Gezgin bu konuda: “Her şeyden önce bir gazeteci okumayı, araştırmayı, soru sormayı, sorgulamayı sevmeli. İyi bir iletişimci olmalı; güven veren, samimi, dinlemekten sıkılmayan, doğru zamanda doğru şekilde konuşan, doğru soruları sorabilen… Kişi iletişim alanının teorik bilgisine hakim olmalı ki uygulama aşamasında özgün fikirler ortaya koyabilsin. Bu noktada biz iletişim akademisyenleri alaylı ve mektepli gazeteciler arasındaki farkı çok net görebiliyoruz. Yani öyle çok sıklıkla söylendiği gibi, “gazetecilik eğitimi almanıza gerek yok yeter ki gazetecilik yapmak isteyin” gibi bir yaklaşım çok doğru değil. Çünkü gazetecilik sadece rutin haber yazmaktan ibaret bir meslek değil” diyor ve yazı yazmanın gazeteciliğin sadece küçük bir kısmı olduğunu belirtiyor.

Yılkın ise mesleğinin başlarında bir gazeteci olarak kendisini her türlü geliştirmek istediğini söyleyerek “Mesleğimle ilgili gelecek planlarım kendimi yeni medya alanında biraz daha yetiştirmek, veri gazeteciliğini ilerletebilmek ve öğrenebilmek, video habercilik üzerine biraz çalışmak ve daha fazla donanıma sahip olmak” diyor.

Başka bir önemli konu: Cinsiyet eşitsizliği

Cinsiyet ayrımcılığı, bugün dünyanın her yerinde ve her çalışma alanında kendisine yer bulan bir olgu. Buna karşın, dünyada kadınlar örgütlenerek cinsiyetçiliğe son vermek adına mücadele ediyor. Medya da cinsiyetçilikten payını düşeni alıyor; bununla beraber artık önümüzde daha bilinçli bir dünya var. İnsani Gelişme Vakfı’nın (İNGEV) 2020 yılında yayınladığı bir araştırmaya göre; kadınların çalışmasını desteklemeyen, iş hayatına katılımlarının aile birliğini bozacağını düşünen %14’lük bir kesim var.

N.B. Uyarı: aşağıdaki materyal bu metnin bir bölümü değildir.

(* Let $s,t$ be real numbers with $t\ge s>0$, let $n\ge 3$, and let $A=(a_{ij}) \in \mathcal{G}_s^{n\times n}([0,t])$. Then for every $k\in\{2,3,\dots,n-1\}$, $$\Big| (a_{11}a_{2k} - s\,a_{1k})\,H_{k+1}(A) - (a_{11}a_{2,k+1} - s\,a_{1,k+1})\, s\, H_{k+2}(A)\Big| \le t^2 M_{n-k} + t s^2 M_{n-k-1},$$ and, if $n$ is even, $$\big| (a_{11}a_{2n} - s\,a_{1n})\,H_{n+1}(A)\big| \le t^2 M_0.$$
   Context: For a real number $s$, a positive integer $n$ and a set $P \subseteq \mathbb{R}$, $\mathcal{G}_s^{n\times n}(P)$ denotes the set of all $n\times n$ real upper Hessenberg matrices $A=(a_{ij})$ with $a_{i+1,i} = s$ for $1\le i\le n-1$, $a_{ij}=0$ for $i > j+1$, and $a_{ij}\in P$ for all $i \le j$. For $m\ge 1$, $M_m$ is the maximum of $|\det B|$ over $B\in\mathcal{G}_s^{m\times m}([0,t])$, and $M_0 := 1$. For an $n\times n$ matrix $A$ and $1\le k\le n$, $H_k(A)$ is the determinant of the bottom-right $(n+1-k)\times(n+1-k)$ submatrix of $A$ (rows and columns $k,\dots,n$), and $H_{n+1}(A):=1$. *)

theory Defs
  imports Complex_Main "Jordan_Normal_Form.Determinant"
begin

(* Matrices of varying size are functions nat => nat => real, indexed from 1. *)

definition detn :: "nat \<Rightarrow> (nat \<Rightarrow> nat \<Rightarrow> real) \<Rightarrow> real" where
  "detn m B = det (mat m m (\<lambda>(i, j). B (i + 1) (j + 1)))"

definition hessG :: "real \<Rightarrow> nat \<Rightarrow> real set \<Rightarrow> (nat \<Rightarrow> nat \<Rightarrow> real) \<Rightarrow> bool" where
  "hessG s n P A \<longleftrightarrow>
     (\<forall>i\<in>{1..n}. \<forall>j\<in>{1..n}.
        (i = j + 1 \<longrightarrow> A i j = s) \<and> (i > j + 1 \<longrightarrow> A i j = 0) \<and> (i \<le> j \<longrightarrow> A i j \<in> P))"

definition Mmax :: "real \<Rightarrow> real \<Rightarrow> nat \<Rightarrow> real" where
  "Mmax s t m = (if m = 0 then 1 else Sup {\<bar>detn m B\<bar> | B. hessG s m {0..t} B})"

definition Hk :: "nat \<Rightarrow> (nat \<Rightarrow> nat \<Rightarrow> real) \<Rightarrow> nat \<Rightarrow> real" where
  "Hk n A k = (if k = n + 1 then 1 else detn (n + 1 - k) (\<lambda>i j. A (i + k - 1) (j + k - 1)))"

end

theory Submission
  imports Defs
begin

(* Write X_j = a_11 a_2j - s a_1j, which lies in [-st, t^2], and let C be the trailing block of A
   on rows and columns k+1..n, of size m = n - k, so that H_(k+1) = det C and H_(k+2) = det C',
   where C' is the trailing block of C; C and C' are again in G_s([0,t]).  The expression is
   affine in X_k and in X_(k+1) separately, so it suffices to check the four vertices, using
   |det C| <= M_m, |det C'| <= M_(m-1), t M_(m-1) <= M_m (border a matrix of G_s^(m-1) by the
   first row (t, 0, ..., 0)), and the key estimate t |det C - s det C'| <= t M_m + s^2 M_(m-1).
   For the latter expand det C along its first column: det C - s det C' = (c - s) det C' - s K
   is affine in the corner entry c of C, which ranges over [0,t]; at c = t it is the determinant
   of C with corner t - s, hence at most M_m, and at c = 0 it is at most 2 s M_(m-1). *)

lemma abs_affine_le_endpoints:
  fixes a b y lo hi T :: real
  assumes "lo \<le> y" "y \<le> hi" "\<bar>a + b * lo\<bar> \<le> T" "\<bar>a + b * hi\<bar> \<le> T"
  shows "\<bar>a + b * y\<bar> \<le> T"
proof (cases "0 \<le> b")
  case True
  then have "b * lo \<le> b * y" "b * y \<le> b * hi" using assms(1,2) by (auto intro: mult_left_mono)
  then show ?thesis using assms(3,4) by (simp add: abs_le_iff)
next
  case False
  then have "b * y \<le> b * lo" "b * hi \<le> b * y" using assms(1,2) by (auto intro: mult_left_mono_neg)
  then show ?thesis using assms(3,4) by (simp add: abs_le_iff)
qed

lemma corner_estimate:
  fixes c s t H K P Q :: real
  assumes c: "0 \<le> c" "c \<le> t" and s: "0 \<le> s" "s \<le> t"
    and H: "\<bar>H\<bar> \<le> P" and K: "\<bar>K\<bar> \<le> P" and corner: "\<bar>(t - s) * H - s * K\<bar> \<le> Q"
    and PQ: "t * P \<le> Q"
  shows "t * \<bar>(c - s) * H - s * K\<bar> \<le> t * Q + s^2 * P"
proof -
  have P: "0 \<le> P" using H by linarith
  have "\<bar>(- s * H - s * K) + H * c\<bar> \<le> max Q (2 * s * P)"
  proof (rule abs_affine_le_endpoints[OF c])
    have "\<bar>- s * H - s * K\<bar> = s * \<bar>H + K\<bar>"
    proof -
      have "- s * H - s * K = - (s * (H + K))" by (simp add: algebra_simps)
      then show ?thesis using s by (simp only: abs_minus_cancel abs_mult abs_of_nonneg)
    qed
    also have "\<dots> \<le> s * (2 * P)"
      using s H K abs_triangle_ineq[of H K] by (intro mult_left_mono) auto
    finally show "\<bar>(- s * H - s * K) + H * 0\<bar> \<le> max Q (2 * s * P)" by simp
    show "\<bar>(- s * H - s * K) + H * t\<bar> \<le> max Q (2 * s * P)"
      using corner by (simp add: algebra_simps)
  qed
  then have "t * \<bar>(c - s) * H - s * K\<bar> \<le> t * max Q (2 * s * P)"
    using s by (intro mult_left_mono) (auto simp: algebra_simps)
  also have "\<dots> \<le> t * Q + s^2 * P"
  proof (cases "2 * s * P \<le> Q")
    case True
    then show ?thesis using P by (simp add: max_def)
  next
    case False
    have "0 \<le> (t - s)^2" by simp
    then have "2 * s * t \<le> t^2 + s^2" by (simp add: power2_diff algebra_simps)
    then have "2 * s * t * P \<le> (t^2 + s^2) * P" using P by (rule mult_right_mono)
    then have "t * (2 * s * P) \<le> t * (t * P) + s^2 * P" by (simp add: algebra_simps power2_eq_square)
    also have "t * (t * P) \<le> t * Q" using PQ s by (intro mult_left_mono) auto
    finally show ?thesis using False by (simp add: max_def)
  qed
  finally show ?thesis .
qed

Bu düşünceye yaş 55 yaş ve üzeri destek veriyor. İş hayatı konusunda eşlerinin izni olmadan kadınların çalışmaması gerektiğini düşünenler ise %20 oranında.

Çalışan bir kadın gazeteci olarak kendisine yönelttiğim “Ataerkil bir dünyada cinsiyetçiliğe maruz kalıyor musun ve bu konu hakkında ne düşünüyorsun?” sorusunu Yılkın şöyle cevaplıyor:

“Kendi meslektaşlarım tarafından cinsiyetçiliğe maruz kalmıyorum ama buna maruz kalan arkadaşlarım olduğunu biliyorum. Ayrıca maaş konusunda da kendim bizzat yaşamasam da erkeklerin kadınlardan daha fazla maaş aldığını biliyoruz. Bununla beraber, bizim sektörde son zamanlarda farkındalığın arttığını düşünüyorum. Hâlâ cinsiyetçilik uygulayan insanlar var ancak kendi çizgini ve mesafeni koruduğun zaman karşındaki insanlar da sana cinsiyetçi şekilde tavır alamayacaklarını, yaklaşamayacaklarını biliyorlar. Bunun dışında medyada sadece erkeklerin kadınlara değil, kadınların birbirlerine üstünlük tasladığı bir ortam da mevcut. Bu mesleksel anlamda bir sorun teşkil ediyor.”